▶ [PROVIDED RECORDS]
--- START ---

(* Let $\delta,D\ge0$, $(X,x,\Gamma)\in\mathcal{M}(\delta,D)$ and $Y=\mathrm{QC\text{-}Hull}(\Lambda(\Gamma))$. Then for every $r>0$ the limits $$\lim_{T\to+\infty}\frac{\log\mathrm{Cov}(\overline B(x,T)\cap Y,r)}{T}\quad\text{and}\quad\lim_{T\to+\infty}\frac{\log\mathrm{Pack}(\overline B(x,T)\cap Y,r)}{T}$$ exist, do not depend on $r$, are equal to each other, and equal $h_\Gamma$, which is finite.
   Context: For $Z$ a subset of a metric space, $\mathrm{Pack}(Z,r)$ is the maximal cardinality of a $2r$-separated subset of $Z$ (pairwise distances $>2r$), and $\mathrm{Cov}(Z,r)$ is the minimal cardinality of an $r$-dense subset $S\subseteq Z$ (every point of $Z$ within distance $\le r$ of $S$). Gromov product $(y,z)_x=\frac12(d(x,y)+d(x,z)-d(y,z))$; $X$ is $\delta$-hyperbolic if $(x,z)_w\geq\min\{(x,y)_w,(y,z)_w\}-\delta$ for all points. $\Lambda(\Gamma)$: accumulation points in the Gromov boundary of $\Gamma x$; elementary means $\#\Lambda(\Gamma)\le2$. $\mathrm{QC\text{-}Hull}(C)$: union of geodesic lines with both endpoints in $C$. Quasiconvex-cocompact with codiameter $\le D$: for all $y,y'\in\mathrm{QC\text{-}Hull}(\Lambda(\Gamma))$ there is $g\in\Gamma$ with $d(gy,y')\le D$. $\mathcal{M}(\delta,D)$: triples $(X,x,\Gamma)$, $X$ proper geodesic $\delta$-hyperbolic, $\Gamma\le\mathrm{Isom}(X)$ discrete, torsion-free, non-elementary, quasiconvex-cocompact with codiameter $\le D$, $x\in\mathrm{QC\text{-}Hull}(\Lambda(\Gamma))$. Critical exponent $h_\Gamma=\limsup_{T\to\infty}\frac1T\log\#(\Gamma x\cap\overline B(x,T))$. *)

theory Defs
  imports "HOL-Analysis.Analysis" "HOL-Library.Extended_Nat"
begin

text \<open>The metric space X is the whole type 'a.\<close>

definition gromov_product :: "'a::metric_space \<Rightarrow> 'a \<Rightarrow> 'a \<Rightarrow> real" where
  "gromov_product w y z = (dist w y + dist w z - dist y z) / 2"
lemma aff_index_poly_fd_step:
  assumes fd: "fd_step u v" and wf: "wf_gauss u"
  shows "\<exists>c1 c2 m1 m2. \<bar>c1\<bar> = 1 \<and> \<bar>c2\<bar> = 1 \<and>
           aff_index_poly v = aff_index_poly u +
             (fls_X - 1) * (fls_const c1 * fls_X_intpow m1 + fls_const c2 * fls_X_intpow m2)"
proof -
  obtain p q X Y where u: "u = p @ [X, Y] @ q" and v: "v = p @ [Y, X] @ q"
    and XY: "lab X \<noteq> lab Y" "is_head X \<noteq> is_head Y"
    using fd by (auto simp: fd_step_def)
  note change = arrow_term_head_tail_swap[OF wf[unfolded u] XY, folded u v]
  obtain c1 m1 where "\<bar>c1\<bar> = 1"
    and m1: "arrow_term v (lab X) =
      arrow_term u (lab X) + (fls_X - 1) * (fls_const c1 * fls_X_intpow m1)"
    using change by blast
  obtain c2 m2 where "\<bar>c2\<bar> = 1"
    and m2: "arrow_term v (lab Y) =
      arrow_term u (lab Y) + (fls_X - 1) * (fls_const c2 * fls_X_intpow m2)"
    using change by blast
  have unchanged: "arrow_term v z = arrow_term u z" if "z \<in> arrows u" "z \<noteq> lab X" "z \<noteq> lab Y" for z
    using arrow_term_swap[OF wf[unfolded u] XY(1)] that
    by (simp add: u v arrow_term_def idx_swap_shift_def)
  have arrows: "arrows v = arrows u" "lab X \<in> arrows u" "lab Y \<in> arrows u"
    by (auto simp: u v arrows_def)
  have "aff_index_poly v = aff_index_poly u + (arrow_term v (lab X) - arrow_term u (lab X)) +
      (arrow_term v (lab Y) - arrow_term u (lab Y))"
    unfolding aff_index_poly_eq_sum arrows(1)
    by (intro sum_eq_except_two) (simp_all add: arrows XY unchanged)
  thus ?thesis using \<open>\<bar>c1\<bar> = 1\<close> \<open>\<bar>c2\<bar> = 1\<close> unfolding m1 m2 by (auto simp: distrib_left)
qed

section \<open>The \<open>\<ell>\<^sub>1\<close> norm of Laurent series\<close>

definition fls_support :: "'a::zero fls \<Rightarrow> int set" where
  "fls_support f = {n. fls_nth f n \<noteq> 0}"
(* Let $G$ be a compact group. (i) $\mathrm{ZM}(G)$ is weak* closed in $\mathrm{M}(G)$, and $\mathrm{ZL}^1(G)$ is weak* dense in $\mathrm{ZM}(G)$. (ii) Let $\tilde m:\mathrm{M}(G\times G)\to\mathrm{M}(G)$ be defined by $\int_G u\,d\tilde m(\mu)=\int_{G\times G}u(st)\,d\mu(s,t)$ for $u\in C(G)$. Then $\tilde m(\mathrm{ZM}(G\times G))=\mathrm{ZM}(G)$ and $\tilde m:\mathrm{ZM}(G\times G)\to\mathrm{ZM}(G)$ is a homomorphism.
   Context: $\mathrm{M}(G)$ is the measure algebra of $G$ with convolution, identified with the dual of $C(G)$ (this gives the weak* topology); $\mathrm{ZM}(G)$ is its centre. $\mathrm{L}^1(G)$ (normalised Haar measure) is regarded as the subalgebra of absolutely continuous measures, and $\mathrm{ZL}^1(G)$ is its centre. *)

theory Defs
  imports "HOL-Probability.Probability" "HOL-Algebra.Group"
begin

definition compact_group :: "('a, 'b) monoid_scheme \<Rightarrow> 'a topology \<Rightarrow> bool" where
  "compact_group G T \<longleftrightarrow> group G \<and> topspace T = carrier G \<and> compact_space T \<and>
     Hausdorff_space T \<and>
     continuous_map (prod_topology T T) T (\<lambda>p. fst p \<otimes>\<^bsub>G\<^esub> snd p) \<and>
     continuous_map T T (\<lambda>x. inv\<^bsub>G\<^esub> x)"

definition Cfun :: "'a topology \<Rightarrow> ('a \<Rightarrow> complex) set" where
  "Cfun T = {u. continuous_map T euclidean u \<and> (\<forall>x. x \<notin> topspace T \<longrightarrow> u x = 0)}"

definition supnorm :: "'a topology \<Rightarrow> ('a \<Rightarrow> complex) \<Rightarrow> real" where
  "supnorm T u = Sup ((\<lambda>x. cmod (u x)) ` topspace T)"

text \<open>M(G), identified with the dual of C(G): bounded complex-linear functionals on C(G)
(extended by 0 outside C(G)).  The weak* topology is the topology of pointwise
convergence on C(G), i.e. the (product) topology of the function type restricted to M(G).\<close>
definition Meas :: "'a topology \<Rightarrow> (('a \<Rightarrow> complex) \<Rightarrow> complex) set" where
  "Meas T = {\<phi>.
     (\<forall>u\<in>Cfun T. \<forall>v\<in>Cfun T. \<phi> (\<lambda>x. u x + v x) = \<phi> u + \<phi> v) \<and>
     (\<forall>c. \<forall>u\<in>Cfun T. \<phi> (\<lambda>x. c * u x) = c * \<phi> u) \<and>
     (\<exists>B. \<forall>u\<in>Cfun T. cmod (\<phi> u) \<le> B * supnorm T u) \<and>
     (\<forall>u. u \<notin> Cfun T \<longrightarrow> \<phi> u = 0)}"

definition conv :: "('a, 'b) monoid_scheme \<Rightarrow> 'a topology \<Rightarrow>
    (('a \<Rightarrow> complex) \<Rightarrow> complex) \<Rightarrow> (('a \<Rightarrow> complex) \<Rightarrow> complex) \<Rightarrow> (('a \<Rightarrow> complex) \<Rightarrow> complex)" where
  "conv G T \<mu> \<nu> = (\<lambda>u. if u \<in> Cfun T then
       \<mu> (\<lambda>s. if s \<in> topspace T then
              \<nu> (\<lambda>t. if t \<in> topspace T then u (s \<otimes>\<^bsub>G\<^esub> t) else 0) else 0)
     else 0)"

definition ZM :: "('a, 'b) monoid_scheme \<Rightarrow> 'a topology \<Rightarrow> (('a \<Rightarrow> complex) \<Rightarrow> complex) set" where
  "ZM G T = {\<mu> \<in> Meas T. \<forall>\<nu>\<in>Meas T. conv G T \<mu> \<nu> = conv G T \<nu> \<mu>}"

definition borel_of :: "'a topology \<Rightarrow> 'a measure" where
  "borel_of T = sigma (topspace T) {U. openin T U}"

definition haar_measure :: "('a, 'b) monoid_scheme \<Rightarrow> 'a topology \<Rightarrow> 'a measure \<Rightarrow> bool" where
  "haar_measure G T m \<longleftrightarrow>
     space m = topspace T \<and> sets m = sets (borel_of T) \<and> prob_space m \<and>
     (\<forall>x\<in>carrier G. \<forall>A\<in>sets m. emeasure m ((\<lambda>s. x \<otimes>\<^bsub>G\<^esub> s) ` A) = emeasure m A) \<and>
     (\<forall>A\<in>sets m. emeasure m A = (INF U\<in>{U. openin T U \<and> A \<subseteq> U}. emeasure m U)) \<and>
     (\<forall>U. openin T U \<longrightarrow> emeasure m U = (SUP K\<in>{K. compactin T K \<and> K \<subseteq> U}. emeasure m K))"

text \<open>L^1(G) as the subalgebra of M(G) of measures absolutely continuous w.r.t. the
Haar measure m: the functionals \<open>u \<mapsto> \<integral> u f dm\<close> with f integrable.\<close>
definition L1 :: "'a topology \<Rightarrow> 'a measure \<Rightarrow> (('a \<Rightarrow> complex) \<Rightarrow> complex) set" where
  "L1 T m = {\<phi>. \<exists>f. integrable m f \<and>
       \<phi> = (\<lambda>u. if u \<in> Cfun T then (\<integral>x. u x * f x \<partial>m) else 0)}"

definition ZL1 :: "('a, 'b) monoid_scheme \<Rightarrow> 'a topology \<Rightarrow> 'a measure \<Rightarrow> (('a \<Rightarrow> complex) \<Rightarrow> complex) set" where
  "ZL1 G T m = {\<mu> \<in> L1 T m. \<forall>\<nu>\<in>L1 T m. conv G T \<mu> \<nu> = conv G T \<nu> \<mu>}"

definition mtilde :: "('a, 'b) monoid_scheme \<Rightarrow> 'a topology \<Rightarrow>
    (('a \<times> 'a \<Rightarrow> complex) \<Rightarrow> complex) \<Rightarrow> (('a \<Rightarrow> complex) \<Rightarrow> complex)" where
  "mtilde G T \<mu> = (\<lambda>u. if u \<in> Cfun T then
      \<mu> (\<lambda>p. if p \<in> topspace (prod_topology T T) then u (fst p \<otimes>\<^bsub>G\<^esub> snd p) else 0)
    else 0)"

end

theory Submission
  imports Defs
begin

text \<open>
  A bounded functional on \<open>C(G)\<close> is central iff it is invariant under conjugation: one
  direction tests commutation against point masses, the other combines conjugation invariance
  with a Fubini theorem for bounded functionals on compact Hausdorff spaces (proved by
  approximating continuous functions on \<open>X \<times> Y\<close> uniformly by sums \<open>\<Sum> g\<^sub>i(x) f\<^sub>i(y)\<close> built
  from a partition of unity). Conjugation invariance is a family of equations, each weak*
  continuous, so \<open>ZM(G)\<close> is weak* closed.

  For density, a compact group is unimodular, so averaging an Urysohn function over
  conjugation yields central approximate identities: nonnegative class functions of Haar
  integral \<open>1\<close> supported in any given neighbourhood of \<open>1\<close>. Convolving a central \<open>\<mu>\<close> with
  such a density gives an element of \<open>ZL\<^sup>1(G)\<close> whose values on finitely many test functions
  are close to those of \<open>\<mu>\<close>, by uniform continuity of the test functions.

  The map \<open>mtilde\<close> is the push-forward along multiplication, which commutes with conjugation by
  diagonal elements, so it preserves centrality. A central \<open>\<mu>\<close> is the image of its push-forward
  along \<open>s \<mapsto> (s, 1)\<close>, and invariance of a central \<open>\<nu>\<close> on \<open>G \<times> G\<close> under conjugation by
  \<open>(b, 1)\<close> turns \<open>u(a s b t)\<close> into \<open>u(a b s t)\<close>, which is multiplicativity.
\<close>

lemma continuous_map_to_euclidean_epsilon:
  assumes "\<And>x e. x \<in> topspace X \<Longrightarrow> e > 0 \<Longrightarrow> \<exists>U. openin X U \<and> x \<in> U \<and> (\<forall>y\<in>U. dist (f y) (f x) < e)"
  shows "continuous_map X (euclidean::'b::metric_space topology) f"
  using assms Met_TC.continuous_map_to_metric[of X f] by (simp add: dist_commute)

--- END ---
--- START ---

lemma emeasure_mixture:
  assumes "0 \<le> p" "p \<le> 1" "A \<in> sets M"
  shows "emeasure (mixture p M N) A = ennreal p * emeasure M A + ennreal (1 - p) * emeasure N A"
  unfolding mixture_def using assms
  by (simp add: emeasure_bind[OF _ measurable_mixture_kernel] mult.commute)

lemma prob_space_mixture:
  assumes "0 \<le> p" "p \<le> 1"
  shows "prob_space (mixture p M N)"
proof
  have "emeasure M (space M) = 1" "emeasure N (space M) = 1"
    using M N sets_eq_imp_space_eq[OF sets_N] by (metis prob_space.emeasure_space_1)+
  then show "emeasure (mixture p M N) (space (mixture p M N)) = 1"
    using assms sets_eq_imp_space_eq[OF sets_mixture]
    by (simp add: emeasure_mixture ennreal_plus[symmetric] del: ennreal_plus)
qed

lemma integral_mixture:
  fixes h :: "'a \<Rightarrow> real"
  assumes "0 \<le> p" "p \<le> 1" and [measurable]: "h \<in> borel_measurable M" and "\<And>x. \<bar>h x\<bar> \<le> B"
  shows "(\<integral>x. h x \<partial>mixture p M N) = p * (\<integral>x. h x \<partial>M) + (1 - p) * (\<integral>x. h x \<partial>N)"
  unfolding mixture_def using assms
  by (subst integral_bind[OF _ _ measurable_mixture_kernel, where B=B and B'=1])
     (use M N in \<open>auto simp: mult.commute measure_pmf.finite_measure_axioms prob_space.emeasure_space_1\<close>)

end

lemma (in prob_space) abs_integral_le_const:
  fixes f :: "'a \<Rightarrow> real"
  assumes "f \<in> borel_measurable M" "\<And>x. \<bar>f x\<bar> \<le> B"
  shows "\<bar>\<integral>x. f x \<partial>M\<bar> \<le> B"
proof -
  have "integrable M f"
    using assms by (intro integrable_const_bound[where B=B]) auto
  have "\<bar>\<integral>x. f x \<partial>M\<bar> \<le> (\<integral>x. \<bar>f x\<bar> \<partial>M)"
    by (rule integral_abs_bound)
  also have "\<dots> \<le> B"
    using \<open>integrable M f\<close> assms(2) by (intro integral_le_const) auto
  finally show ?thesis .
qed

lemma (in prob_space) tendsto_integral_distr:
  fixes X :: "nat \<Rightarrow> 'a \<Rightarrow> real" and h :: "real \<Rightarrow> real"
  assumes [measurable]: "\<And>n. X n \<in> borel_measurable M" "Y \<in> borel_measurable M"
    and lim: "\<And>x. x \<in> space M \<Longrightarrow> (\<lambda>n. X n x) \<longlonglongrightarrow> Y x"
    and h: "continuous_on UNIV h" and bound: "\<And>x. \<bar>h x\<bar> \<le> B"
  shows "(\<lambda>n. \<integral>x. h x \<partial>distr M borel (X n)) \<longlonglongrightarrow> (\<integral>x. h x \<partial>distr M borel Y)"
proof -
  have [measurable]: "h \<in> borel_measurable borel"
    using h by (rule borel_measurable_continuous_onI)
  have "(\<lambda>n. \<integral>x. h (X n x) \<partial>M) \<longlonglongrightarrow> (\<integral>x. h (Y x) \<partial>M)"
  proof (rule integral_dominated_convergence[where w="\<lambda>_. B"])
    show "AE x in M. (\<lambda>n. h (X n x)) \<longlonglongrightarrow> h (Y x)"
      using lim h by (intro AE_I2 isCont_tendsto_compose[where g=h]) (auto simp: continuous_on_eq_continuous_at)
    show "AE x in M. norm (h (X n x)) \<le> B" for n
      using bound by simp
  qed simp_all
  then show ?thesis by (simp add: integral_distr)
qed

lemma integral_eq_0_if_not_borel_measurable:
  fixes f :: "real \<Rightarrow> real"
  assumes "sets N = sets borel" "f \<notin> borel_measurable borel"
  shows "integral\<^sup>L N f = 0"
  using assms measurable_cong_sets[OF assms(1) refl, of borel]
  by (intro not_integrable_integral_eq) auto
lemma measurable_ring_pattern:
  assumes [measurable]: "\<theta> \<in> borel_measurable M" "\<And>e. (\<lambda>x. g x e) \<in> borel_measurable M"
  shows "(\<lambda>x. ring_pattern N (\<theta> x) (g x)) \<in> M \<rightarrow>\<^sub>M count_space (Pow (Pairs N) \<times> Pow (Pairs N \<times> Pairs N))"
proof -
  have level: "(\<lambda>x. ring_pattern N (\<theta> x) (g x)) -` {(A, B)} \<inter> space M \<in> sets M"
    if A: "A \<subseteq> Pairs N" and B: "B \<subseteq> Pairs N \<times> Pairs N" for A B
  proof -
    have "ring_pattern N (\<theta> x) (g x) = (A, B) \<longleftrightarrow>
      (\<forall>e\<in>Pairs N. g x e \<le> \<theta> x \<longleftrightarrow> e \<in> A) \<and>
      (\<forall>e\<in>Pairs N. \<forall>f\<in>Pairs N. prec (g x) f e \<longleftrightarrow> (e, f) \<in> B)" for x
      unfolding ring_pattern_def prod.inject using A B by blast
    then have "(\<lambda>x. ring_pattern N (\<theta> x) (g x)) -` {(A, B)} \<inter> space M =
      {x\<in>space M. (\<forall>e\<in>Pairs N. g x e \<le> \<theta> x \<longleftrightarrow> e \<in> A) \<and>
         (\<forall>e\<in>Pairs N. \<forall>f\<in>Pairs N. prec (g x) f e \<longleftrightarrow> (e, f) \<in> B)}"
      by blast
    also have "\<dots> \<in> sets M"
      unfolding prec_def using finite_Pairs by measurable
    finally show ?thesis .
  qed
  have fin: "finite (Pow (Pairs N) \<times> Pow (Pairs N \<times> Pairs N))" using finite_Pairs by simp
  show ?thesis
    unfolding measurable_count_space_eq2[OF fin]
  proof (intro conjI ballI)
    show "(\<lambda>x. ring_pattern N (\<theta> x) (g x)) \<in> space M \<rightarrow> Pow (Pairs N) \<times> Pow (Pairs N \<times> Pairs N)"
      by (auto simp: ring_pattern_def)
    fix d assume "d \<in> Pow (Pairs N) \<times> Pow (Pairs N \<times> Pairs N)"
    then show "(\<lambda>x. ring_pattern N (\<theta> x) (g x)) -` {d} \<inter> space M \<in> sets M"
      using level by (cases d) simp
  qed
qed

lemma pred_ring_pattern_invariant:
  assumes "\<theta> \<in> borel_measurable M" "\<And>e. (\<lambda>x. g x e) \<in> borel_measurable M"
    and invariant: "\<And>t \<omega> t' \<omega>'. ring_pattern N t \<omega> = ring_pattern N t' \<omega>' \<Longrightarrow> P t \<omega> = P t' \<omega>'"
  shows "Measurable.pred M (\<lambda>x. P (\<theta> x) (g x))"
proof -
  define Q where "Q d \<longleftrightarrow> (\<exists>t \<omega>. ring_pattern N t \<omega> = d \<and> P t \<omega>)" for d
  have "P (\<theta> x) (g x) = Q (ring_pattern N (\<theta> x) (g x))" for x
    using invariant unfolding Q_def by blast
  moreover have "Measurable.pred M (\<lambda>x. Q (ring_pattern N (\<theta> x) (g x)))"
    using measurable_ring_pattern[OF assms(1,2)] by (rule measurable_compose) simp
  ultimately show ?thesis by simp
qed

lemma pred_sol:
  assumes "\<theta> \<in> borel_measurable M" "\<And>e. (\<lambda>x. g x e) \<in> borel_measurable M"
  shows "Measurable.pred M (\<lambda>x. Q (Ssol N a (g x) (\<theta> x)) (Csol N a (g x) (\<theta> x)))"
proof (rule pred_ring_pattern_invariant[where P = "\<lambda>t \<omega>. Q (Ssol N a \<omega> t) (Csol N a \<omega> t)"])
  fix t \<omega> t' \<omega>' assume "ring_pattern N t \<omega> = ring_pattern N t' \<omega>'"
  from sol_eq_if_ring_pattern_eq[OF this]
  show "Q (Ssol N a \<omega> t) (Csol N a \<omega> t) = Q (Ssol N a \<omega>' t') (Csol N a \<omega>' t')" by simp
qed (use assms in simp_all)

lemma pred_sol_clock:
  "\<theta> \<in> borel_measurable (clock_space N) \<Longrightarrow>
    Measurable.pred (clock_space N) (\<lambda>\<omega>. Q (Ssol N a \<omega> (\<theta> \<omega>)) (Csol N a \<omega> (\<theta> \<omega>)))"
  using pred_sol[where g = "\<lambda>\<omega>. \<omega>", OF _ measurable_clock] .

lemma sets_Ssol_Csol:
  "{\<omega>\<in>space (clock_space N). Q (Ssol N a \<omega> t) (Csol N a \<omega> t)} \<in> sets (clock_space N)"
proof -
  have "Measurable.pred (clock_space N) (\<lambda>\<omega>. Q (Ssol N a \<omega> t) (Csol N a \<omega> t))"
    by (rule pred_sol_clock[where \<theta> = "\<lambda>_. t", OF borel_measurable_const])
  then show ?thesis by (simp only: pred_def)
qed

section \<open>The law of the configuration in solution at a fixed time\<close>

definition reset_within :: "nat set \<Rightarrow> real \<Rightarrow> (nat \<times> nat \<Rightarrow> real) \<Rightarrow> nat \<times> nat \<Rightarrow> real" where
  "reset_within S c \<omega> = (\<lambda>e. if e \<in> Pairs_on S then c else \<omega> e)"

--- END ---

▶ [BRIEF] Give back exactly the lines above starting at the line where "Meas T. \<forall>\<nu>\<in>Meas" appears and ending at the line where "(\<forall>x\<in>carrier G. \<forall>A\<in>sets" appears, both included, with no other lines.

▶ [EXPECTED ANSWER]
  "ZM G T = {\<mu> \<in> Meas T. \<forall>\<nu>\<in>Meas T. conv G T \<mu> \<nu> = conv G T \<nu> \<mu>}"

definition borel_of :: "'a topology \<Rightarrow> 'a measure" where
  "borel_of T = sigma (topspace T) {U. openin T U}"

definition haar_measure :: "('a, 'b) monoid_scheme \<Rightarrow> 'a topology \<Rightarrow> 'a measure \<Rightarrow> bool" where
  "haar_measure G T m \<longleftrightarrow>
     space m = topspace T \<and> sets m = sets (borel_of T) \<and> prob_space m \<and>
     (\<forall>x\<in>carrier G. \<forall>A\<in>sets m. emeasure m ((\<lambda>s. x \<otimes>\<^bsub>G\<^esub> s) ` A) = emeasure m A) \<and>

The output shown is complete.